### What to work on
The records should be restated exactly from their first line through the line with "case (Suc n)" in it.

### Dataset records
----
lemma dn_four_point:
  "dn \<gamma> P P' R R' n x w
     \<le> dn \<gamma> P P' R R' n x y + dn \<gamma> P P' R R' n z y + dn \<gamma> P P' R R' n z w"
proof (induction n arbitrary: x y z w)
  case 0
  show ?case by simp
next
  case (Suc n)
  let ?f = "\<lambda>x y a. \<bar>R x a - R' y a\<bar> + \<gamma> * W1 (P x a) (P' y a) (dn \<gamma> P P' R R' n)"
  have "?f x w a \<le> ?f x y a + ?f z y a + ?f z w a" for a
  proof -
    have transport: "W1 (P x a) (P' w a) (dn \<gamma> P P' R R' n)
        \<le> W1 (P x a) (P' y a) (dn \<gamma> P P' R R' n) + W1 (P z a) (P' y a) (dn \<gamma> P P' R R' n)
           + W1 (P z a) (P' w a) (dn \<gamma> P P' R R' n)"
      by (rule W1_four_point[OF P P' P P' dn_nonneg Suc.IH])
    have "\<gamma> * W1 (P x a) (P' w a) (dn \<gamma> P P' R R' n)
        \<le> \<gamma> * W1 (P x a) (P' y a) (dn \<gamma> P P' R R' n) + \<gamma> * W1 (P z a) (P' y a) (dn \<gamma> P P' R R' n)
           + \<gamma> * W1 (P z a) (P' w a) (dn \<gamma> P P' R R' n)"
      using mult_left_mono[OF transport \<gamma>] by (simp only: distrib_left)
    moreover have "\<bar>R x a - R' w a\<bar> \<le> \<bar>R x a - R' y a\<bar> + \<bar>R z a - R' y a\<bar> + \<bar>R z a - R' w a\<bar>"
      by linarith
    ultimately show ?thesis by linarith
  qed
  then show ?case
    by (simp only: dn.simps) (rule Max_range_le_add3)
qed

end

theorem corollary2:
  fixes P P' :: "'s::finite \<Rightarrow> 'a::finite \<Rightarrow> 's \<Rightarrow> real"
    and R R' :: "'s \<Rightarrow> 'a \<Rightarrow> real"
    and \<gamma> :: real
  assumes "0 < \<gamma>" and "\<gamma> < 1"
    and "\<And>s a. is_distribution (P s a)"
    and "\<And>s a. is_distribution (P' s a)"
  shows "\<forall>si sj sk sl n.
           dn \<gamma> P P' R R' n si sl
             \<le> dn \<gamma> P P' R R' n si sj + dn \<gamma> P P' R R' n sk sj + dn \<gamma> P P' R R' n sk sl"
  \<comment> \<open>\<open>\<gamma> < 1\<close> is needed only for the convergence of \<open>d\<^sub>n\<close>, not here\<close>
  using dn_four_point[where P=P and P'=P', OF less_imp_le[OF assms(1)] assms(3,4)] by blast

end
text \<open>Each 4-cycle arises from 8 tuples: 4 choices of starting vertex and 2 directions.\<close>

lemma eight_mul_num_C4_le:
  assumes g: "graph_on V E"
  shows "8 * num_C4 E \<le> card (C4_tuples E)"
proof -
  have fin: "finite (C4_tuples E)"
  proof (rule finite_subset)
    show "C4_tuples E \<subseteq> (V \<times> V) \<times> (V \<times> V)"
      unfolding C4_tuples_def using graph_on_edgeD[OF g] by auto
  qed (use g in \<open>simp add: graph_on_def\<close>)
  have fibre: "8 \<le> card {t\<in>C4_tuples E. C4_of t = S}" if "S \<in> C4_of ` C4_tuples E" for S
  proof -
    obtain a b c d where t: "((a, b), (c, d)) \<in> C4_tuples E" "S = C4_of ((a, b), (c, d))"
      using \<open>S \<in> C4_of ` C4_tuples E\<close> by auto
    let ?T = "{((a, b), (c, d)), ((b, c), (d, a)), ((c, d), (a, b)), ((d, a), (b, c)),
               ((a, d), (c, b)), ((d, c), (b, a)), ((c, b), (a, d)), ((b, a), (d, c))}"
    let ?fibre = "{t\<in>C4_tuples E. C4_of t = S}"
    have rotate: "((q, r), (s, p)) \<in> ?fibre" if "((p, q), (r, s)) \<in> ?fibre" for p q r s
      using that unfolding C4_tuples_def C4_of_def by (auto simp: insert_commute)
    have reflect: "((p, s), (r, q)) \<in> ?fibre" if "((p, q), (r, s)) \<in> ?fibre" for p q r s
      using that unfolding C4_tuples_def C4_of_def by (auto simp: insert_commute)
    have t0: "((a, b), (c, d)) \<in> ?fibre" using t by simp
    note r1 = rotate[OF t0] note r2 = rotate[OF r1] note r3 = rotate[OF r2]
    note f0 = reflect[OF t0] note f1 = rotate[OF f0] note f2 = rotate[OF f1] note f3 = rotate[OF f2]
    have "?T \<subseteq> ?fibre" using t0 r1 r2 r3 f0 f1 f2 f3 by (simp only: insert_subset empty_subsetI)
    moreover have "card ?T = 8" using t(1) unfolding C4_tuples_def by auto
    ultimately show ?thesis using card_mono[of ?fibre ?T] fin by simp
  qed
  have "(\<Sum>S\<in>C4_of ` C4_tuples E. 8) \<le> (\<Sum>S\<in>C4_of ` C4_tuples E. card {t\<in>C4_tuples E. C4_of t = S})"
    by (rule sum_mono) (rule fibre)
  then have "(\<Sum>S\<in>C4_of ` C4_tuples E. 8) \<le> card (C4_tuples E)"
    using card_eq_sum_card_fibres[OF fin, of C4_of] by simp
  then show ?thesis unfolding num_C4_def image_C4_of[symmetric] by (simp add: mult.commute)
qed

lemma eight_mul_num_C4_le_sum:
  assumes "graph_on V E"
  shows "8 * num_C4 E \<le> (\<Sum>(a, b)\<in>arcs E. card (closing_paths E a b))"
  using eight_mul_num_C4_le[OF assms] card_C4_tuples[OF assms] by simp

section \<open>4-cycles through an edge of an F_2-free graph\<close>

definition common_neighbours :: "'a set set \<Rightarrow> 'a \<Rightarrow> 'a \<Rightarrow> 'a set" where
  "common_neighbours E a b = neighbours E a \<inter> neighbours E b"

definition private_neighbours :: "'a set set \<Rightarrow> 'a \<Rightarrow> 'a \<Rightarrow> 'a set" where
  "private_neighbours E a b = neighbours E a - insert b (neighbours E b)"

locale F2_free_edge =
  fixes V :: "nat set" and E :: "nat set set" and a b :: nat
  assumes graph: "graph_on V E" and F2: "F2_free E" and edge: "{a, b} \<in> E"
begin

abbreviation "C \<equiv> common_neighbours E a b"
abbreviation "A \<equiv> private_neighbours E a b"
abbreviation "B \<equiv> private_neighbours E b a"

lemma swap: "F2_free_edge V E b a"
  using graph F2 edge by unfold_locales (simp_all add: insert_commute)

lemma a_neq_b: "a \<noteq> b"
  using graph_on_edgeD[OF graph edge] by blast

lemma mem_C_iff: "x \<in> C \<longleftrightarrow> {a, x} \<in> E \<and> {b, x} \<in> E"
  unfolding common_neighbours_def by (simp add: neighbours_iff)

lemma mem_A_iff: "x \<in> A \<longleftrightarrow> {a, x} \<in> E \<and> x \<noteq> b \<and> {b, x} \<notin> E"
  unfolding private_neighbours_def by (auto simp: neighbours_iff)

lemma mem_B_iff: "x \<in> B \<longleftrightarrow> {b, x} \<in> E \<and> x \<noteq> a \<and> {a, x} \<notin> E"
  unfolding private_neighbours_def by (auto simp: neighbours_iff)

lemma finite_parts: "finite C" "finite A" "finite B"
  unfolding common_neighbours_def private_neighbours_def using finite_neighbours[OF graph] by auto

lemma card_neighbours_eq: "card (neighbours E a) = card C + card A + 1"
proof -
  have "neighbours E a = C \<union> A \<union> {b}" "b \<notin> C \<union> A" "C \<inter> A = {}"
    using edge not_mem_neighbours_self[OF graph, of b]
    unfolding common_neighbours_def private_neighbours_def by (auto simp: neighbours_iff)
  then show ?thesis using finite_parts by (simp add: card_Un_disjoint)
qed

lemma card_parts: "card (C \<union> A \<union> B) = card C + card A + card B"
proof -
  have "C \<inter> A = {}" "(C \<union> A) \<inter> B = {}"
    unfolding common_neighbours_def private_neighbours_def by auto
  then show ?thesis using finite_parts by (simp add: card_Un_disjoint)
qed

lemma parts_subset: "C \<union> A \<union> B \<subseteq> V"
  using neighbours_subset[OF graph] unfolding common_neighbours_def private_neighbours_def by blast

lemma card_parts_le: "card C + card A + card B + 2 \<le> card V"
proof -
  have "a \<notin> C \<union> A \<union> B" "b \<notin> C \<union> A \<union> B"
    using not_mem_neighbours_self[OF graph]
    unfolding common_neighbours_def private_neighbours_def by auto
  then have "card (insert a (insert b (C \<union> A \<union> B))) = card C + card A + card B + 2"
    using finite_parts a_neq_b card_parts by simp
  moreover have "insert a (insert b (C \<union> A \<union> B)) \<subseteq> V"
    using parts_subset graph_on_edgeD[OF graph edge] by blast
  ultimately show ?thesis using card_mono graph unfolding graph_on_def by metis
qed

lemma closing_paths_subset: "closing_paths E a b \<subseteq> (C \<union> B) \<times> (C \<union> A)"
  unfolding closing_paths_def using mem_C_iff mem_A_iff mem_B_iff by (auto simp: insert_commute)
lemma recolour_farthest:
  assumes "L_colouring V E L \<alpha>" and v: "v \<in> V" and farthest: "\<forall>x\<in>V. level x \<le> level v"
    and c: "c \<in> L v"
  shows "\<exists>\<alpha>' k. (\<alpha>, \<alpha>') \<in> recolour_step V E L ^^ k
           \<and> k \<le> 2 * card (neighbours_coloured V E \<alpha> v c) + level v + 2 \<and> \<alpha>' v = c"
  using assms(1)
proof (induction "card (neighbours_coloured V E \<alpha> v c)" arbitrary: \<alpha> rule: less_induct)
  case less
  let ?S = "neighbours_coloured V E \<alpha> v c"
  show ?case
  proof (cases "?S = {}")
    case True
    show ?thesis
    proof (cases "\<alpha> v = c")
      case False
      have "\<forall>y. E v y \<longrightarrow> \<alpha> y \<noteq> c"
        using True edge_in_V(2) unfolding neighbours_coloured_def by blast
      then have "(\<alpha>, \<alpha>(v := c)) \<in> recolour_step V E L"
        using recolour_step_fun_upd[OF less.prems v c] False by auto
      then show ?thesis
        by (intro exI[of _ "\<alpha>(v := c)"] exI[of _ 1]) simp
    qed (intro exI[of _ \<alpha>] exI[of _ 0]; simp)
  next
    case False
    then obtain s where "s \<in> ?S"
      by blast
    then have s: "E v s" "\<alpha> s = c"
      unfolding neighbours_coloured_def by auto
    show ?thesis
    proof (cases "blocked E L \<alpha> s \<and> blocked E L \<alpha> v")
      case True
      then show ?thesis
        using recolour_farthest_blocked[OF less.prems farthest c s] by fastforce
    next
      case False
      then obtain \<alpha>1 k1 where steps1: "(\<alpha>, \<alpha>1) \<in> recolour_step V E L ^^ k1" and "k1 \<le> 2"
        and S1: "neighbours_coloured V E \<alpha>1 v c = ?S - {s}"
        using clear_neighbour[OF less.prems s] by blast
      have "finite ?S"
        using finite_V unfolding neighbours_coloured_def by simp
      then have card_S1: "card (?S - {s}) + 1 = card ?S"
        using card_Suc_Diff1[OF _ \<open>s \<in> ?S\<close>] by simp
      then obtain \<alpha>2 k2 where "(\<alpha>1, \<alpha>2) \<in> recolour_step V E L ^^ k2"
        and "k2 \<le> 2 * card (?S - {s}) + level v + 2" and "\<alpha>2 v = c"
        using less.hyps[of \<alpha>1] S1 recolour_steps_colouring[OF steps1 less.prems] by auto
      with steps1 \<open>k1 \<le> 2\<close> card_S1 show ?thesis
        by (intro exI[of _ \<alpha>2] exI[of _ "k1 + k2"]) (auto intro: relpow_trans)
    qed
  qed
qed

lemma recolour_farthest_bound:
  assumes "L_colouring V E L \<alpha>" "v \<in> V" "\<forall>x\<in>V. level x \<le> level v" "c \<in> L v"
  shows "\<exists>\<alpha>' k. (\<alpha>, \<alpha>') \<in> recolour_step V E L ^^ k \<and> k \<le> 3 * card V + 1 \<and> \<alpha>' v = c"
proof -
  have "card (neighbours_coloured V E \<alpha> v c) \<le> card V"
    using finite_V unfolding neighbours_coloured_def by (intro card_mono) auto
  moreover have "level v < card V"
    using level_less_card assms(2) .
  ultimately show ?thesis
    using recolour_farthest[OF assms] by fastforce
qed

end

definition connected_slack_assignment :: "'a set \<Rightarrow> ('a \<Rightarrow> 'a \<Rightarrow> bool) \<Rightarrow> ('a \<Rightarrow> nat set) \<Rightarrow> bool" where
  "connected_slack_assignment V E L \<longleftrightarrow> simple_graph V E \<and> graph_connected V E
     \<and> (\<forall>v\<in>V. finite (L v)) \<and> (\<forall>v\<in>V. degree V E v + 1 \<le> card (L v))
     \<and> (V \<noteq> {} \<longrightarrow> (\<exists>w\<in>V. degree V E w + 2 \<le> card (L w)))"

lemma connected_slack_assignment_levelling:
  assumes "connected_slack_assignment V E L" "V \<noteq> {}"
  obtains root level where "slack_levelling V E L root level"
proof -
  interpret deg_plus_one_lists V E L
    using assms(1) unfolding connected_slack_assignment_def by unfold_locales auto
  obtain root where "root \<in> V" "degree V E root + 2 \<le> card (L root)"
    using assms unfolding connected_slack_assignment_def by blast
  moreover obtain level where "levelling V E root level"
    using levelling_exists assms(1) \<open>root \<in> V\<close> unfolding connected_slack_assignment_def by blast
  ultimately show ?thesis
    using that deg_plus_one_lists_axioms by (simp add: slack_levelling_def slack_levelling_axioms_def)
qed

lemma (in slack_levelling) connected_slack_assignment_delete_farthest:
  assumes "\<forall>x\<in>V. level x \<le> level v"
  shows "connected_slack_assignment (V - {v}) (delete_vertex_edges E v) (forbid_at_neighbours E L v c)"
proof -
  let ?E' = "delete_vertex_edges E v" and ?L' = "forbid_at_neighbours E L v c"
  have "finite (?L' u)" if "u \<in> V - {v}" for u
    using finite_lists that unfolding forbid_at_neighbours_def by simp
  moreover have "degree (V - {v}) ?E' u + 1 \<le> card (?L' u)" if "u \<in> V - {v}" for u
    using lists_exceed_degree_delete_vertex[of u v L 1] finite_lists lists_exceed_degree that by simp
  moreover have "\<exists>w\<in>V - {v}. degree (V - {v}) ?E' w + 2 \<le> card (?L' w)" if "V - {v} \<noteq> {}"
  proof -
    have "root \<in> V - {v}"
      using farthest_ne_root[OF assms] that root_in_V by blast
    then show ?thesis
      using lists_exceed_degree_delete_vertex[of root v L 2] root_slack finite_lists by auto
  qed
  ultimately show ?thesis
    unfolding connected_slack_assignment_def
    using simple_graph_delete_vertex[OF simple] connected_delete_farthest[OF assms] by blast
qed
----
### Task answer
lemma dn_four_point:
  "dn \<gamma> P P' R R' n x w
     \<le> dn \<gamma> P P' R R' n x y + dn \<gamma> P P' R R' n z y + dn \<gamma> P P' R R' n z w"
proof (induction n arbitrary: x y z w)
  case 0
  show ?case by simp
next
  case (Suc n)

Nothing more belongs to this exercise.